Репин издали тревожно прислушивался к этому телефонному шуму, и когда Наталье Борисовне удалось наконец получить от редакции «Русского слова» подтверждение утренних сведений, тотчас же ушел собираться в дорогу, все такой же внешне спокойный и бодрый. Тщательно переоделся, аккуратно уложил небольшой чемодан и взял с собой дорожный ящик с красками. Я сопровождал его до станции Оллила и оттуда в поезде до Питера. В вагоне оказался виолончелист Цезарь Пуни, говорливый старик, и Илья Ефимович тотчас же стал оживленно беседовать с ним, ни словом не упоминая о своей катастрофе, хотя лицо у него было как мел и руки дрожали по-прежнему.
В Петербурге, на вокзале, лишь только мы покинули вагон, мне показалось, что Илье Ефимовичу трудно идти — он все еще был мертвенно-бледен,— и я хотел взять его под руку, но он порывисто шагнул от меня прочь, поднял плечи и преувеличенно бодрой походкой направился к выходу, навстречу беде. Так и не принял ни от кого ни утешения, ни помощи.
Катастрофа с его картиной потрясла всю Москву.

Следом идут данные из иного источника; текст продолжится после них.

lemma SET_rank_filling:
  assumes fin: "finite D" and inj: "inj_on key D"
    and rows: "\<And>r j j'. (r, j) \<in> D \<Longrightarrow> (r, j') \<in> D \<Longrightarrow> j < j' \<Longrightarrow> key (r, j) < key (r, j')"
    and cols: "\<And>r r' j. (r, j) \<in> D \<Longrightarrow> (r', j) \<in> D \<Longrightarrow> r < r' \<Longrightarrow> key (r, j) < key (r', j)"
  shows "rank_filling D key \<in> SET D"
proof -
  let ?T = "rank_filling D key"
  have "inj_on ?T D"
    using rank_filling_less_iff[OF fin inj] inj by (intro inj_onI) (metis inj_onD less_irrefl neqE)
  moreover have "?T ` D \<subseteq> {1..card D}"
  proof
    fix t assume "t \<in> ?T ` D"
    then obtain x where "x \<in> D" "t = ?T x" by blast
    moreover have "card {y \<in> D. key y < key x} < card D"
      using \<open>x \<in> D\<close> fin by (intro psubset_card_mono) auto
    ultimately show "t \<in> {1..card D}" by (simp add: rank_filling_def)
  qed
  ultimately have "bij_betw ?T D {1..card D}"
    unfolding bij_betw_def by (simp add: card_image card_subset_eq)
  then show ?thesis
    using rank_filling_less_iff[OF fin inj] rows cols unfolding SET_def by (simp add: rank_filling_def)
qed

lemma inversions_rank_filling:
  assumes "finite D" and "inj_on key D"
  shows "inversions D (rank_filling D key) = {(x, y). x \<in> D \<and> y \<in> D \<and> fst y < fst x \<and> key x < key y}"
  using rank_filling_less_iff[OF assms] unfolding inversions_def by blast

lemma mem_lobster_cells:
  "(r, j) \<in> lobster_cells b c1 c2 \<longleftrightarrow>
     r = 1 \<and> b + 2 \<le> j \<and> j \<le> b + 1 + c2 \<or> r = 2 \<and> 2 \<le> j \<and> j \<le> b + 1 \<or> r = 3 \<and> b + 2 \<le> j \<and> j \<le> b + 1 + c1"
  by (auto simp: lobster_cells_def)

lemma finite_lobster_cells: "finite (lobster_cells b c1 c2)"
  by (rule finite_subset[of _ "{1..3} \<times> {2..b + 1 + c1 + c2}"]) (auto simp: mem_lobster_cells)

lemma lobster_cells_cases:
  assumes "x \<in> lobster_cells b c1 c2"
  obtains (bot) l where "1 \<le> l" "l \<le> c2" "x = (1, b + 1 + l)"
    | (mid) j where "2 \<le> j" "j \<le> b + 1" "x = (2, j)"
    | (top) k where "1 \<le> k" "k \<le> c1" "x = (3, b + 1 + k)"
proof -
  obtain r j where x: "x = (r, j)" by fastforce
  show ?thesis
    using assms that(1,3)[of "j - (b + 1)"] that(2)[of j] unfolding x mem_lobster_cells by auto
qed

definition lobster_rank :: "nat \<Rightarrow> nat \<Rightarrow> nat \<Rightarrow> nat" where
  "lobster_rank b c1 c2 = b * max c1 c2 + (\<Sum>k = 1..min c1 c2. c2 - k)"

lemma sum_diff_plus_choose:
  fixes c :: nat
  assumes "p \<le> c"
  shows "(\<Sum>k = 1..p. c - k) + (p + 1 choose 2) = p * c"
  using assms by (induction p) (auto simp: numeral_2_eq_2)

lemma lobster_rank_eq:
  "lobster_rank b c1 c2 = (if c1 \<le> c2 then c2 * (b + c1) - (c1 + 1 choose 2) else b * c1 + (c2 choose 2))"
proof (cases "c1 \<le> c2")
  case True
  then show ?thesis
    using sum_diff_plus_choose[OF True] by (auto simp: lobster_rank_def algebra_simps)
next
  case False
  have "(c2 + 1 choose 2) = (c2 choose 2) + c2" by (simp add: numeral_2_eq_2)
  moreover have "2 * (c2 choose 2) + c2 = c2 * c2" by (induction c2) (auto simp: numeral_2_eq_2 algebra_simps)
  ultimately show ?thesis
    using sum_diff_plus_choose[of c2 c2] False by (auto simp: lobster_rank_def)
qed
definition is_onb :: "'a::complex_inner set \<Rightarrow> bool" where
  "is_onb E \<longleftrightarrow> corthonormal E \<and> closure (cspan E) = UNIV"

definition adj :: "('a::complex_inner \<Rightarrow> 'a) \<Rightarrow> 'a \<Rightarrow> 'a" where
  "adj T y = (THE z. \<forall>x. cinner (T x) y = cinner x z)"

text \<open>Trace \<open>\<Sum>_i <e_i, A e_i>\<close> with respect to an orthonormal basis (basis-independent for trace class A).\<close>
definition trace :: "('a::complex_inner \<Rightarrow> 'a) \<Rightarrow> complex" where
  "trace A = infsum (\<lambda>e. cinner e (A e)) (SOME E. is_onb E)"

definition hilbert_schmidt :: "('a::complex_inner \<Rightarrow> 'a) \<Rightarrow> bool" where
  "hilbert_schmidt T \<longleftrightarrow> (\<exists>E. is_onb E \<and> (\<lambda>e. (norm (T e))\<^sup>2) summable_on E)"

definition hs_norm :: "('a::complex_inner \<Rightarrow> 'a) \<Rightarrow> real" where
  "hs_norm T = sqrt (Re (trace (adj T \<circ> T)))"

definition real_part_op :: "('a::complex_inner \<Rightarrow> 'a) \<Rightarrow> 'a \<Rightarrow> 'a" where
  "real_part_op T = (\<lambda>x. scaleC (1/2) (T x + adj T x))"

definition w2 :: "('a::complex_inner \<Rightarrow> 'a) \<Rightarrow> real" where
  "w2 T = (SUP \<theta>::real. hs_norm (real_part_op (\<lambda>x. scaleC (cis \<theta>) (T x))))"

end

theory Submission
  imports Defs
begin

text \<open>
  Let \<open>S = (e\<^sup>i\<^sup>\<theta> T + e\<^sup>-\<^sup>i\<^sup>\<theta> T\<^sup>*) / 2\<close> be the real part of \<open>e\<^sup>i\<^sup>\<theta> T\<close>.
  Expanding the square gives, for every vector \<open>e\<close>,
  \<open>\<parallel>S e\<parallel>\<^sup>2 = (\<parallel>T e\<parallel>\<^sup>2 + \<parallel>T\<^sup>* e\<parallel>\<^sup>2) / 4 + Re (e\<^sup>2\<^sup>i\<^sup>\<theta> \<langle>e, T\<^sup>2 e\<rangle>) / 2\<close>.
  Summing over an orthonormal basis yields
  \<open>\<parallel>S\<parallel>\<^sub>2\<^sup>2 = (\<parallel>T\<parallel>\<^sub>2\<^sup>2 + \<parallel>T\<^sup>*\<parallel>\<^sub>2\<^sup>2) / 4 + Re (e\<^sup>2\<^sup>i\<^sup>\<theta> tr T\<^sup>2) / 2 \<le> \<parallel>T\<parallel>\<^sub>2\<^sup>2 / 2 + |tr T\<^sup>2| / 2\<close>,
  because \<open>\<parallel>T\<^sup>*\<parallel>\<^sub>2 \<le> \<parallel>T\<parallel>\<^sub>2\<close> by Parseval and Bessel applied to the double sum
  \<open>\<Sum>\<^sub>e \<Sum>\<^sub>f |\<langle>e, T f\<rangle>|\<^sup>2\<close>; the same double sum shows that summability of \<open>\<parallel>T e\<parallel>\<^sup>2\<close>
  does not depend on the basis.
\<close>

section \<open>Complex inner products\<close>

lemma cinner_add_left: "cinner (x + y) z = cinner x z + cinner y z"
  by (metis cinner_conj_commute cinner_add_right complex_cnj_add)

lemma cinner_scaleC_left: "cinner (scaleC a x) y = cnj a * cinner x y"
  by (metis cinner_conj_commute cinner_scaleC_right complex_cnj_mult)

lemma cinner_zero_right [simp]: "cinner x 0 = 0"
  using cinner_add_right[of x 0 0] by simp

lemma cinner_zero_left [simp]: "cinner 0 x = 0"
  using cinner_add_left[of 0 0 x] by simp

lemma cinner_minus_right: "cinner x (- y) = - cinner x y"
  using cinner_add_right[of x y "- y"] by (simp add: add_eq_0_iff)

lemma cinner_minus_left: "cinner (- x) y = - cinner x y"
  using cinner_add_left[of x "- x" y] by (simp add: add_eq_0_iff)

lemma cinner_diff_right: "cinner x (y - z) = cinner x y - cinner x z"
  by (simp only: diff_conv_add_uminus cinner_add_right cinner_minus_right)

lemma cinner_diff_left: "cinner (x - y) z = cinner x z - cinner y z"
  by (simp only: diff_conv_add_uminus cinner_add_left cinner_minus_left)

lemma cinner_sum_right: "cinner x (\<Sum>i\<in>I. f i) = (\<Sum>i\<in>I. cinner x (f i))"
  by (induction I rule: infinite_finite_induct) (auto simp: cinner_add_right)

lemma cinner_sum_left: "cinner (\<Sum>i\<in>I. f i) x = (\<Sum>i\<in>I. cinner (f i) x)"
  by (induction I rule: infinite_finite_induct) (auto simp: cinner_add_left)

lemma cinner_scaleR_right: "cinner x (scaleR r y) = of_real r * cinner x y"
  by (simp add: scaleR_scaleC cinner_scaleC_right)

lemma cinner_scaleR_left: "cinner (scaleR r x) y = of_real r * cinner x y"
  by (simp add: scaleR_scaleC cinner_scaleC_left)

lemma cnj_mult_self: "cnj z * z = of_real ((cmod z)\<^sup>2)"
  by (metis complex_norm_square mult.commute)

lemma cinner_self_real: "cinner x x = of_real ((norm x)\<^sup>2)"
proof -
  have "Im (cinner x x) = 0"
    using arg_cong[OF cinner_conj_commute[of x x], of Im] by simp
  moreover have "Re (cinner x x) = (norm x)\<^sup>2"
    using cinner_ge_zero[of x] by (simp add: norm_eq_sqrt_cinner)
  ultimately show ?thesis by (simp add: complex_eq_iff)
qed

lemma cinner_eqI:
  assumes "\<And>x. cinner x y = cinner x z"
  shows "y = z"
  using assms[of "y - z"] cinner_eq_zero_iff[of "y - z"] by (simp add: cinner_diff_right)

lemma norm_scaleC: "norm (scaleC c (x::'a::complex_inner)) = cmod c * norm x"
proof -
  have "complex_of_real ((norm (scaleC c x))\<^sup>2) = cinner (scaleC c x) (scaleC c x)"
    by (rule cinner_self_real[symmetric])
  also have "\<dots> = (cnj c * c) * cinner x x"
    by (simp add: cinner_scaleC_left cinner_scaleC_right)
  also have "\<dots> = complex_of_real ((cmod c * norm x)\<^sup>2)"
    by (simp add: cnj_mult_self cinner_self_real power_mult_distrib)
  finally have "(norm (scaleC c x))\<^sup>2 = (cmod c * norm x)\<^sup>2"
    by (simp only: of_real_eq_iff)
  then show ?thesis
    by (simp add: power2_eq_iff_nonneg)
qed

lemma norm_add_square: "(norm (x + y))\<^sup>2 = (norm x)\<^sup>2 + (norm y)\<^sup>2 + 2 * Re (cinner x y)"
proof -
  have "cinner (x + y) (x + y) = cinner x x + cinner y y + (cinner x y + cnj (cinner x y))"
    by (simp add: cinner_add_left cinner_add_right cinner_conj_commute[of y x])
  then have "complex_of_real ((norm (x + y))\<^sup>2) = of_real ((norm x)\<^sup>2 + (norm y)\<^sup>2 + 2 * Re (cinner x y))"
    by (simp add: cinner_self_real complex_add_cnj)
  then show ?thesis
    using of_real_eq_iff by blast
qed

lemma Re_cinner_le_half_sum_squares: "Re (cinner x y) \<le> ((norm x)\<^sup>2 + (norm y)\<^sup>2) / 2"
  using norm_add_square[of x "- y"] zero_le_power2[of "norm (x - y)"]
  by (simp add: cinner_minus_right)

lemma cmod_cinner_le_half_sum_squares: "cmod (cinner x y) \<le> ((norm x)\<^sup>2 + (norm y)\<^sup>2) / 2"
proof (cases "cinner x y = 0")
  case True
  then show ?thesis by simp
next
  case False
  \<comment> \<open>rotate \<open>y\<close> so that the inner product becomes real and nonnegative\<close>
  define u where "u = cnj (cinner x y) / cmod (cinner x y)"
  have "cinner x (scaleC u y) = (cnj (cinner x y) * cinner x y) / cmod (cinner x y)"
    by (simp add: u_def cinner_scaleC_right)
  also have "\<dots> = of_real (cmod (cinner x y))"
    using False by (simp add: cnj_mult_self power2_eq_square)
  finally have "cmod (cinner x y) = Re (cinner x (scaleC u y))"
    by simp
  also have "\<dots> \<le> ((norm x)\<^sup>2 + (norm (scaleC u y))\<^sup>2) / 2"
    by (rule Re_cinner_le_half_sum_squares)
  also have "norm (scaleC u y) = norm y"
    using False by (simp add: u_def norm_scaleC norm_divide)
  finally show ?thesis .
qed

lemma cmod_cinner_le: "cmod (cinner x y) \<le> norm x * norm y"
proof (cases "x = 0 \<or> y = 0")
  case True
  then show ?thesis by auto
next
  case False
  then have nx: "norm x > 0" and ny: "norm y > 0"
    by auto
  define x' where "x' = scaleC (1 / of_real (norm x)) x"
  define y' where "y' = scaleC (1 / of_real (norm y)) y"
  have "cinner x y = of_real (norm x * norm y) * cinner x' y'"
    using nx ny by (simp add: x'_def y'_def cinner_scaleC_left cinner_scaleC_right)
  moreover have "cmod (cinner x' y') \<le> 1"
    using cmod_cinner_le_half_sum_squares[of x' y'] nx ny
    by (simp add: x'_def y'_def norm_scaleC norm_divide)
  ultimately show ?thesis
    using nx ny by (simp add: norm_mult mult_left_le)
qed

lemma bounded_linear_cinner_right: "bounded_linear (cinner x)"
proof (rule bounded_linear_intro[where K = "norm x"])
  show "cmod (cinner x y) \<le> norm y * norm x" for y
    using cmod_cinner_le[of x y] by (simp add: mult.commute)
qed (simp_all add: cinner_add_right cinner_scaleR_right scaleR_conv_of_real)

lemma bounded_linear_cinner_left: "bounded_linear (\<lambda>y. cinner y x)"
  by (rule bounded_linear_intro[where K = "norm x"])
    (simp_all add: cinner_add_left cinner_scaleR_left scaleR_conv_of_real cmod_cinner_le)

lemma bounded_clinear_scaleC:
  "bounded_clinear T \<Longrightarrow> T (scaleC c x) = scaleC c (T x)"
  unfolding bounded_clinear_def clinear_def by blast

lemma bounded_clinear_bounded_linear:
  assumes "bounded_clinear T"
  shows "bounded_linear T"
proof -
  from assms obtain K where "\<And>x. norm (T x) \<le> K * norm x" and "clinear T"
    unfolding bounded_clinear_def by blast
  then show ?thesis
    by (intro bounded_linear_intro[where K = K]) (auto simp: clinear_def scaleR_scaleC mult.commute)
qed

section \<open>Orthonormal sets\<close>

lemma cinner_orthonormal_comb:
  assumes "corthonormal E" "finite F" "F \<subseteq> E" "f \<in> E"
  shows "cinner f (\<Sum>e\<in>F. scaleC (c e) e) = (if f \<in> F then c f else 0)"
proof -
  have "cinner f (\<Sum>e\<in>F. scaleC (c e) e) = (\<Sum>e\<in>F. c e * cinner f e)"
    by (simp add: cinner_sum_right cinner_scaleC_right)
  also have "\<dots> = (\<Sum>e\<in>F. if f = e then c e else 0)"
    using assms by (intro sum.cong) (auto simp: corthonormal_def)
  finally show ?thesis
    using assms(2) by simp
qed

lemma norm_orthonormal_comb_square:
  assumes "corthonormal E" "finite F" "F \<subseteq> E"
  shows "(norm (\<Sum>e\<in>F. scaleC (c e) e))\<^sup>2 = (\<Sum>e\<in>F. (cmod (c e))\<^sup>2)"
proof -
  let ?x = "\<Sum>e\<in>F. scaleC (c e) e"
  have "cinner ?x ?x = (\<Sum>f\<in>F. cnj (c f) * cinner f ?x)"
    by (simp add: cinner_sum_left cinner_scaleC_left)
  also have "\<dots> = (\<Sum>f\<in>F. of_real ((cmod (c f))\<^sup>2))"
  proof (rule sum.cong)
    fix f
    assume "f \<in> F"
    moreover from this assms(3) have "f \<in> E"
      by blast
    ultimately show "cnj (c f) * cinner f ?x = of_real ((cmod (c f))\<^sup>2)"
      by (simp add: cinner_orthonormal_comb[OF assms] cnj_mult_self)
  qed simp
  finally have "complex_of_real ((norm ?x)\<^sup>2) = complex_of_real (\<Sum>f\<in>F. (cmod (c f))\<^sup>2)"
    by (simp only: cinner_self_real of_real_sum)
  then show ?thesis
    using of_real_eq_iff by blast
qed
(* For $1\le t\le m$, any deterministic voting rule that takes top-$t$ preference profiles as input and has bounded utilitarian distortion has metric distortion $\Omega(m-t+1)$.
   Context: Setting: $n$ agents, $m$ alternatives; each agent has an underlying strict ranking, but the rule only receives each agent's ordered list of her top $t$ alternatives (a top-$t$ profile $\vec\sigma_t$). A full profile extends $\vec\sigma_t$ if each agent's top-$t$ prefix coincides with that in $\vec\sigma_t$. Metric framework: a pseudometric $d$ on agents and alternatives is consistent with a full profile $\vec\sigma$ if $X\succ_iY\Rightarrow d(i,X)\le d(i,Y)$, and consistent with $\vec\sigma_t$ if it is consistent with some full profile extending $\vec\sigma_t$. $\mathrm{SC}(X,d)=\sum_id(i,X)$. Metric distortion of a (top-$t$) rule $f$: $\sup_{\vec\sigma_t}\sup_{d}\mathbb E_{X\sim f(\vec\sigma_t)}[\mathrm{SC}(X,d)]/\min_X\mathrm{SC}(X,d)$ over consistent $d$. Utilitarian framework: unit-sum nonnegative utilities $u_i$ ($\sum_Xu_i(X)=1$), consistent with a full profile if $X\succ_iY\Rightarrow u_i(X)\ge u_i(Y)$ and with $\vec\sigma_t$ if consistent with some full extension. $\mathrm{SW}(X,\vec u)=\sum_iu_i(X)$. Utilitarian distortion: $\sup_{\vec\sigma_t}\sup_{\vec u}\max_X\mathrm{SW}(X,\vec u)/\mathbb E_{X\sim f(\vec\sigma_t)}[\mathrm{SW}(X,\vec u)]$; it is bounded if finite. *)

theory Defs
  imports "HOL-Analysis.Analysis"
begin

Попечитель Третьяковской галереи, известный живописец Игорь Грабарь, поставил перед собою задачу — восстановить картину в прежнем виде.
Это казалось немыслимым — так огромны были раны, нанесенные ей.
Но талантливый специалист-реставратор при ближайшем участии Грабаря применил к ней особые, строго научные методы, и картина возродилась к новой жизни. От ее увечий не осталось и следа. Москвичи были рады и счастливы.
27 октября 1913 года в ресторане «Прага» в Москве состоялось чествование Репина. Чествование было интимное, тихое. Собрались ближайшие друзья — писатели, художники, артисты во главе с Шаляпиным и Буниным. Шаляпин приветствовал Репина с почтительной сыновней любовью. Вообще речи были задушевные, без напыщенной фальши. Репин так и светился торжественной, праздничной радостью. Но когда мы в вагоне, в отдельном купе, ехали вместе с ним из Москвы, он ни единым словом не упомянул о своих московских триумфах и все время говорил о другом — главным образом о том, как великолепен Шаляпин. Говорил немногословно и вдумчиво, перемежая свои восклицания долгими паузами:
549
— Откуда у него эти гордые жесты?.. и такая осанка?.. и поступь?.. Вельможа екатерининских времен... да! А ведь пролетарий, казанский сапожник... Кто бы мог подумать! Чудеса!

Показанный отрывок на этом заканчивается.